** ABOUT THIS EXERCISE **
Determine the count of lines in the data below that include the word "assms", and give nothing besides it.

** MATERIAL PROVIDED **
text \<open>The derivatives of 1/h are all of the form a/h^(n+1) with a C-infinity.\<close>
lemma C_infinity_on_inverse:
  assumes T: "open T" and h: "C_infinity_on T h" and nz: "\<forall>x\<in>T. h x \<noteq> 0"
  shows "C_infinity_on T (\<lambda>x. 1 / h x)"
proof (rule C_infinity_on_coinduct[where P="\<lambda>u. \<exists>a n. C_infinity_on T a \<and> (\<forall>x\<in>T. u x = a x / h x ^ Suc n)", OF T])
  fix u assume "\<exists>a n. C_infinity_on T a \<and> (\<forall>x\<in>T. u x = a x / h x ^ Suc n)"
  then obtain a n where a: "C_infinity_on T a" "\<forall>x\<in>T. u x = a x / h x ^ Suc n" by blast
  define c where "c = (\<lambda>x. deriv a x * h x - of_nat (Suc n) * (a x * deriv h x))"
  have D: "(u has_field_derivative c x / h x ^ Suc (Suc n)) (at x)" if x: "x \<in> T" for x
  proof -
    have hx: "h x \<noteq> 0" using nz x by blast
    have "((\<lambda>x. a x / h x ^ Suc n) has_field_derivative
         (deriv a x * h x ^ Suc n - of_nat (Suc n) * (deriv h x * h x ^ n) * a x) / (h x ^ Suc n * h x ^ Suc n)) (at x)"
      using DERIV_quotient[OF C_infinity_on_has_field_derivative[OF a(1) x]
          DERIV_power[OF C_infinity_on_has_field_derivative[OF h x], of "Suc n"]] hx
      by simp
    moreover have "(deriv a x * h x ^ Suc n - of_nat (Suc n) * (deriv h x * h x ^ n) * a x) / (h x ^ Suc n * h x ^ Suc n)
       = c x / h x ^ Suc (Suc n)"
      using hx unfolding c_def by (simp add: field_simps)
    ultimately have "((\<lambda>x. a x / h x ^ Suc n) has_field_derivative c x / h x ^ Suc (Suc n)) (at x)"
      by simp
    then show ?thesis
      by (rule has_field_derivative_transform_within_open[OF _ T x]) (use a(2) in auto)
  qed
  have "C_infinity_on T c" unfolding c_def
    by (intro C_infinity_on_diff C_infinity_on_mult C_infinity_on_cmult C_infinity_on_deriv a h T)
  then show "(\<forall>x\<in>T. u differentiable (at x)) \<and>
     (\<exists>g. (\<exists>a n. C_infinity_on T a \<and> (\<forall>x\<in>T. g x = a x / h x ^ Suc n)) \<and> (\<forall>x\<in>T. deriv u x = g x))"
    using D DERIV_imp_deriv real_differentiable_def by blast
next
  show "\<exists>a n. C_infinity_on T a \<and> (\<forall>x\<in>T. 1 / h x = a x / h x ^ Suc n)"
    by (rule exI[of _ "\<lambda>_. 1"], rule exI[of _ 0]) (simp add: C_infinity_on_const T)
qed
lemma cut_vertex_has_neighbour:
  assumes "graph V E" "cut_vertex V E v"
  obtains u where "E v u"
proof -
  have "\<exists>u. E v u"
  proof (rule ccontr)
    assume "\<nexists>u. E v u"
    then have isolated: "\<not> E v u" "\<not> E u v" for u
      using graph_symp[OF assms(1)] by (auto dest: sympD)
    have same_edges: "(\<lambda>u w. E u w \<and> u \<in> V - {v} \<and> w \<in> V - {v}) = (\<lambda>u w. E u w \<and> u \<in> V \<and> w \<in> V)"
      using isolated by (intro ext) blast
    have avoids_v: "y \<noteq> v" if "(\<lambda>u w. E u w \<and> u \<in> V \<and> w \<in> V)\<^sup>*\<^sup>* x y" "x \<noteq> v" for x y
      using that(1) by (cases rule: rtranclp.cases) (use that(2) isolated in auto)
    have "{y. reach_in E (V - {v}) x y} = {y. reach_in E V x y}" if "x \<in> V - {v}" for x
      using that avoids_v unfolding reach_in_def same_edges by blast
    then have "components E (V - {v}) \<subseteq> components E V"
      unfolding components_eq_image by blast
    moreover have "finite (components E V)"
      using assms(1) by (simp add: components_eq_image graph_def)
    ultimately have "card (components E (V - {v})) \<le> card (components E V)"
      by (rule card_mono[rotated])
    then show False
      using assms(2) by (simp add: cut_vertex_def)
  qed
  then show thesis
    using that by blast
qed

lemma Union_components_mono:
  assumes "symp E" "S \<subseteq> T" "x \<in> S"
  shows "(\<Union>y\<in>{y. reach_in E S x y}. {z. reach_in E T y z}) = {z. reach_in E T x z}"
proof -
  have "{z. reach_in E T y z} = {z. reach_in E T x z}" if "reach_in E S x y" for y
    using reach_in_component_eq[OF assms(1) reach_in_mono[OF that assms(2)]] by simp
  moreover have "reach_in E S x x"
    using assms(3) by (rule reach_in_refl)
  ultimately show ?thesis
    by blast
qed
(* Fix integers $n,d\ge 1$, constants $0<h_{min}<h_{max}$, any initial state $\mathcal{X}^{(0)}\in\mathbb{R}^{dn}$, an initial bandwidth $h_1\in[h_{min},h_{max}]$, and a non-negative sequence $(\nu_k)$ with $\nu_k\to 0$. Let $(\mathcal{X}^{(k)},h_k,i_k)$ be generated by the Doubly Stochastic Mean-Shift (DSMS) process described in the context. Then almost surely $$\nabla_{\mathbf{x}_{i_k}}L_{h_{k+1}}(\mathcal{X}^{(k)})\longrightarrow \mathbf{0}\quad\text{as }k\to\infty,$$ where $\nabla_{\mathbf{x}_i}L_h$ denotes the partial gradient of $L_h$ with respect to the block variable $\mathbf{x}_i\in\mathbb{R}^d$.
   Context: A profile function is a map $k:[0,\infty)\to\mathbb{R}_+$ that vanishes on $[1,\infty)$, is $C^1$, non-increasing and convex, with $k'(t)<0$ for all $t\in[0,1)$. The associated kernel on $\mathbb{R}^d$ is $K(\mathbf{u})=k(\|\mathbf{u}\|^2)$ and the weight function is $G(\mathbf{u})=-k'(\|\mathbf{u}\|^2)\ge 0$; $\|\cdot\|$ is the Euclidean norm. A state is $\mathcal{X}=[\mathbf{x}_1,\ldots,\mathbf{x}_n]\in\mathbb{R}^{dn}$ with $\mathbf{x}_i\in\mathbb{R}^d$. For $h>0$ define $L_h(\mathcal{X})=\sum_{1\le i\le j\le n}K\big((\mathbf{x}_i-\mathbf{x}_j)/h\big)$ and the mean-shift operator $$\mathcal{S}_h(x;\mathcal{X})=\frac{\sum_{i=1}^n G\big((x-\mathbf{x}_i)/h\big)\,\mathbf{x}_i}{\sum_{i=1}^n G\big((x-\mathbf{x}_i)/h\big)},\quad x\in\mathbb{R}^d.$$ DSMS process: given $\mathcal{X}^{(0)}$, $h_1\in[h_{min},h_{max}]$ and $(\nu_k)$, for $k=0,1,2,\ldots$: if $k\ge1$, set $\delta_k=\min\{\nu_k,\ (h_k/h_{min})^2-1,\ 1-(h_k/h_{max})^2\}$, draw $\alpha_k$ uniformly on $(1-\delta_k,1+\delta_k)$ (with $\alpha_k=1$ if $\delta_k=0$), and set $h_{k+1}=h_k/\sqrt{\alpha_k}$; draw an index $i_k$ uniformly from $\{1,\ldots,n\}$; then set $\mathbf{x}_{i_k}^{(k+1)}=\mathcal{S}_{h_{k+1}}(\mathbf{x}_{i_k}^{(k)};\mathcal{X}^{(k)})$ and $\mathbf{x}_j^{(k+1)}=\mathbf{x}_j^{(k)}$ for $j\ne i_k$. The indices $i_k$ are i.i.d., independent of all previous choices, and the sequences $(i_k)$ and $(h_k)$ are independent. *)

theory Defs
  imports "HOL-Probability.Probability"
begin

definition is_profile :: "(real \<Rightarrow> real) \<Rightarrow> (real \<Rightarrow> real) \<Rightarrow> bool" where
  "is_profile k kp \<longleftrightarrow>
     (\<forall>t\<ge>0. k t \<ge> 0) \<and>
     (\<forall>t\<ge>1. k t = 0) \<and>
     (\<forall>t\<ge>0. (k has_real_derivative kp t) (at t within {0..})) \<and>
     continuous_on {0..} kp \<and>
     (\<forall>s t. 0 \<le> s \<longrightarrow> s \<le> t \<longrightarrow> k t \<le> k s) \<and>
     convex_on {0..} k \<and>
     (\<forall>t. 0 \<le> t \<longrightarrow> t < 1 \<longrightarrow> kp t < 0)"

definition Kern :: "(real \<Rightarrow> real) \<Rightarrow> 'a::real_normed_vector \<Rightarrow> real" where
  "Kern k u = k ((norm u)\<^sup>2)"

definition Gw :: "(real \<Rightarrow> real) \<Rightarrow> 'a::real_normed_vector \<Rightarrow> real" where
  "Gw kp u = - kp ((norm u)\<^sup>2)"

definition Lh :: "(real \<Rightarrow> real) \<Rightarrow> nat \<Rightarrow> real \<Rightarrow> (nat \<Rightarrow> 'a::real_normed_vector) \<Rightarrow> real" where
  "Lh k n h X = (\<Sum>i<n. \<Sum>j\<in>{i..<n}. Kern k ((X i - X j) /\<^sub>R h))"
theorem corollary2p5:
  shows "\<not> (\<exists>U. U \<subseteq> VH \<and> VH_zero_nbhd U \<and>
              compactin VH_top (VH_top closure_of (cesaro ` U)))"
proof
  assume "\<exists>U. U \<subseteq> VH \<and> VH_zero_nbhd U \<and> compactin VH_top (VH_top closure_of (cesaro ` U))"
  then obtain U where U: "VH_zero_nbhd U" and compact: "compactin VH_top (VH_top closure_of (cesaro ` U))"
    by blast
  obtain e where e: "\<And>k. 0 < e k" "\<And>k. {g \<in> Hv k. Hv_norm k g < e k} \<subseteq> U"
    using VH_zero_nbhd_contains_balls[OF U] by blast
  have "\<exists>c>0. cesaro_test (of_real c) N \<in> U" for N
    using Hv_norm_cesaro_test_less[OF e(1)] e(2)[of N] cesaro_test_in_Hv by blast
  then obtain c where c: "\<And>N. 0 < c N" "\<And>N. cesaro_test (of_real (c N)) N \<in> U" by metis
  define T where "T N = max 1 (real N / c N)" for N
  interpret VH_seminorm_family "\<lambda>m g. norm (g (neglog_inv (T m))) / T m ^ m"
    by (rule VH_seminorm_family_neglog_inv) (simp add: T_def)
  obtain B where B: "\<And>g m. g \<in> VH_top closure_of (cesaro ` U) \<Longrightarrow> norm (g (neglog_inv (T m))) / T m ^ m \<le> B"
    using compactin_bounded[OF compact] by blast
  obtain N :: nat where "B < N" using reals_Archimedean2 by blast
  have "cesaro (cesaro_test (of_real (c N)) N) \<in> VH_top closure_of (cesaro ` U)"
    using c(2) cesaro_cesaro_test_in_VH closure_of_subset_Int[of VH_top "cesaro ` U"] topspace_VH_top
    by blast
  hence "norm (cesaro (cesaro_test (of_real (c N)) N) (neglog_inv (T N))) / T N ^ N \<le> B"
    by (rule B)
  moreover have "1 \<le> T N" by (simp add: T_def)
  ultimately have "c N * T N \<le> B"
    using c(1)[of N] by (simp add: norm_cesaro_cesaro_test_neglog_inv)
  moreover have "real N \<le> c N * T N"
    using mult_left_mono[OF max.cobounded2[of "real N / c N" 1], of "c N"] c(1)[of N] by (simp add: T_def)
  ultimately show False using \<open>B < N\<close> by linarith
qed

** WRITTEN RESPONSE **
5